╔══
(* Let $T$ be a complete first-order theory in a countable language with an uncountable atomic model. Suppose $\delta(x)$ is a complete formula in one variable that is not pseudo-algebraic. Then for every countable atomic model $N$ and every finite tuple $\mathbf e\subseteq N$, there are $M\preceq N$ and $c\in N\setminus M$ such that $\mathbf e\subseteq M$ and $N\models\delta(c)$.
   Context: A complete formula is one isolating a complete type over $\emptyset$ realized in an atomic model. A complete formula $\phi(x,\mathbf a)$ in one variable is pseudo-algebraic if for some/any countable atomic $M$ containing $\mathbf a$ and any atomic $N\succeq M$ with $N\neq M$, $\phi(N,\mathbf a)=\phi(M,\mathbf a)$. *)

theory Defs
  imports Main "HOL-Library.Countable_Set"
begin

text \<open>A language is given by an arity function for function symbols and one for relation
  symbols; every element of the types 'f and 'p is a symbol of the language. Equality is
  built in.\<close>

datatype 'f trm = Var nat | Fn 'f "'f trm list"

datatype ('f, 'p) fm =
    FF
  | Eq "'f trm" "'f trm"
  | Rel 'p "'f trm list"
  | Neg "('f, 'p) fm"
  | Conj "('f, 'p) fm" "('f, 'p) fm"
  | Ex nat "('f, 'p) fm"

definition Imp :: "('f, 'p) fm \<Rightarrow> ('f, 'p) fm \<Rightarrow> ('f, 'p) fm" where
  "Imp \<phi> \<psi> = Neg (Conj \<phi> (Neg \<psi>))"

type_synonym ('f, 'p) lang = "('f \<Rightarrow> nat) \<times> ('p \<Rightarrow> nat)"

fun wf_trm :: "('f, 'p) lang \<Rightarrow> 'f trm \<Rightarrow> bool" where
  "wf_trm L (Var i) = True"
| "wf_trm L (Fn f ts) = (length ts = fst L f \<and> (\<forall>t\<in>set ts. wf_trm L t))"

fun wf_fm :: "('f, 'p) lang \<Rightarrow> ('f, 'p) fm \<Rightarrow> bool" where
  "wf_fm L FF = True"
| "wf_fm L (Eq s t) = (wf_trm L s \<and> wf_trm L t)"
| "wf_fm L (Rel p ts) = (length ts = snd L p \<and> (\<forall>t\<in>set ts. wf_trm L t))"
| "wf_fm L (Neg \<phi>) = wf_fm L \<phi>"
| "wf_fm L (Conj \<phi> \<psi>) = (wf_fm L \<phi> \<and> wf_fm L \<psi>)"
| "wf_fm L (Ex x \<phi>) = wf_fm L \<phi>"

fun fv_trm :: "'f trm \<Rightarrow> nat set" where
  "fv_trm (Var i) = {i}"
| "fv_trm (Fn f ts) = (\<Union>t\<in>set ts. fv_trm t)"

fun fv :: "('f, 'p) fm \<Rightarrow> nat set" where
  "fv FF = {}"
| "fv (Eq s t) = fv_trm s \<union> fv_trm t"
| "fv (Rel p ts) = (\<Union>t\<in>set ts. fv_trm t)"
| "fv (Neg \<phi>) = fv \<phi>"
| "fv (Conj \<phi> \<psi>) = fv \<phi> \<union> fv \<psi>"
| "fv (Ex x \<phi>) = fv \<phi> - {x}"

type_synonym ('f, 'p, 'a) struct = "'a set \<times> ('f \<Rightarrow> 'a list \<Rightarrow> 'a) \<times> ('p \<Rightarrow> 'a list \<Rightarrow> bool)"

definition carrier :: "('f, 'p, 'a) struct \<Rightarrow> 'a set" where
  "carrier S = fst S"

definition is_struct :: "('f, 'p) lang \<Rightarrow> ('f, 'p, 'a) struct \<Rightarrow> bool" where
  "is_struct L S \<longleftrightarrow> carrier S \<noteq> {} \<and>
     (\<forall>f xs. xs \<in> lists (carrier S) \<and> length xs = fst L f \<longrightarrow> fst (snd S) f xs \<in> carrier S)"

fun eval :: "('f, 'p, 'a) struct \<Rightarrow> (nat \<Rightarrow> 'a) \<Rightarrow> 'f trm \<Rightarrow> 'a" where
  "eval S v (Var i) = v i"
| "eval S v (Fn f ts) = fst (snd S) f (map (eval S v) ts)"

fun sat :: "('f, 'p, 'a) struct \<Rightarrow> (nat \<Rightarrow> 'a) \<Rightarrow> ('f, 'p) fm \<Rightarrow> bool" where
  "sat S v FF = False"
| "sat S v (Eq s t) = (eval S v s = eval S v t)"
| "sat S v (Rel p ts) = snd (snd S) p (map (eval S v) ts)"
| "sat S v (Neg \<phi>) = (\<not> sat S v \<phi>)"
| "sat S v (Conj \<phi> \<psi>) = (sat S v \<phi> \<and> sat S v \<psi>)"
| "sat S v (Ex x \<phi>) = (\<exists>a\<in>carrier S. sat S (v(x := a)) \<phi>)"

definition model_of :: "('f, 'p) lang \<Rightarrow> ('f, 'p) fm set \<Rightarrow> ('f, 'p, 'a) struct \<Rightarrow> bool" where
  "model_of L T S \<longleftrightarrow> is_struct L S \<and>
     (\<forall>\<sigma>\<in>T. \<forall>v. range v \<subseteq> carrier S \<longrightarrow> sat S v \<sigma>)"

text \<open>Since the language is countable,
  by downward Loewenheim-Skolem it suffices to test models whose carrier is a subset of nat
  (i.e. all finite and countably infinite models, up to isomorphism).\<close>
definition consequence :: "('f, 'p) lang \<Rightarrow> ('f, 'p) fm set \<Rightarrow> ('f, 'p) fm \<Rightarrow> bool" where
  "consequence L T \<phi> \<longleftrightarrow> (\<forall>S :: ('f, 'p, nat) struct. model_of L T S \<longrightarrow>
      (\<forall>v. range v \<subseteq> carrier S \<longrightarrow> sat S v \<phi>))"

definition sentence :: "('f, 'p) lang \<Rightarrow> ('f, 'p) fm \<Rightarrow> bool" where
  "sentence L \<sigma> \<longleftrightarrow> wf_fm L \<sigma> \<and> fv \<sigma> = {}"

definition countable_lang :: "('f, 'p) lang \<Rightarrow> bool" where
  "countable_lang L \<longleftrightarrow> countable (UNIV :: 'f set) \<and> countable (UNIV :: 'p set)"

definition complete_theory :: "('f, 'p) lang \<Rightarrow> ('f, 'p) fm set \<Rightarrow> bool" where
  "complete_theory L T \<longleftrightarrow> (\<forall>\<sigma>\<in>T. sentence L \<sigma>) \<and>
     (\<exists>S :: ('f, 'p, nat) struct. model_of L T S) \<and>
     (\<forall>\<sigma>. sentence L \<sigma> \<longrightarrow> consequence L T \<sigma> \<or> consequence L T (Neg \<sigma>))"

definition complete_fm :: "('f, 'p) lang \<Rightarrow> ('f, 'p) fm set \<Rightarrow> nat \<Rightarrow> ('f, 'p) fm \<Rightarrow> bool" where
  "complete_fm L T n \<phi> \<longleftrightarrow> wf_fm L \<phi> \<and> fv \<phi> \<subseteq> {..<n} \<and>
     \<not> consequence L T (Neg \<phi>) \<and>
     (\<forall>\<psi>. wf_fm L \<psi> \<and> fv \<psi> \<subseteq> {..<n} \<longrightarrow>
        consequence L T (Imp \<phi> \<psi>) \<or> consequence L T (Imp \<phi> (Neg \<psi>)))"

definition sat_tuple :: "('f, 'p, 'a) struct \<Rightarrow> ('f, 'p) fm \<Rightarrow> 'a list \<Rightarrow> bool" where
  "sat_tuple S \<phi> as \<longleftrightarrow> (\<forall>v. range v \<subseteq> carrier S \<and> (\<forall>i<length as. v i = as ! i) \<longrightarrow> sat S v \<phi>)"

definition atomic_model :: "('f, 'p) lang \<Rightarrow> ('f, 'p) fm set \<Rightarrow> ('f, 'p, 'a) struct \<Rightarrow> bool" where
  "atomic_model L T S \<longleftrightarrow> model_of L T S \<and>
     (\<forall>as \<in> lists (carrier S). \<exists>\<phi>. complete_fm L T (length as) \<phi> \<and> sat_tuple S \<phi> as)"

definition elem_sub :: "('f, 'p) lang \<Rightarrow> 'a set \<Rightarrow> ('f, 'p, 'a) struct \<Rightarrow> bool" where
  "elem_sub L B N \<longleftrightarrow> B \<noteq> {} \<and> B \<subseteq> carrier N \<and>
     (\<forall>f xs. xs \<in> lists B \<and> length xs = fst L f \<longrightarrow> fst (snd N) f xs \<in> B) \<and>
     (\<forall>\<phi> v. wf_fm L \<phi> \<and> range v \<subseteq> B \<longrightarrow> (sat (B, snd N) v \<phi> \<longleftrightarrow> sat N v \<phi>))"

definition realizations :: "('f, 'p, 'a) struct \<Rightarrow> ('f, 'p) fm \<Rightarrow> 'a set" where
  "realizations S \<delta> = {c \<in> carrier S. sat_tuple S \<delta> [c]}"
╚══
* **Task to carry out**:
If a line in the records above holds the string "range", copy it out.

* **Exercise output**:
     (\<forall>\<sigma>\<in>T. \<forall>v. range v \<subseteq> carrier S \<longrightarrow> sat S v \<sigma>)"
      (\<forall>v. range v \<subseteq> carrier S \<longrightarrow> sat S v \<phi>))"
  "sat_tuple S \<phi> as \<longleftrightarrow> (\<forall>v. range v \<subseteq> carrier S \<and> (\<forall>i<length as. v i = as ! i) \<longrightarrow> sat S v \<phi>)"
     (\<forall>\<phi> v. wf_fm L \<phi> \<and> range v \<subseteq> B \<longrightarrow> (sat (B, snd N) v \<phi> \<longleftrightarrow> sat N v \<phi>))"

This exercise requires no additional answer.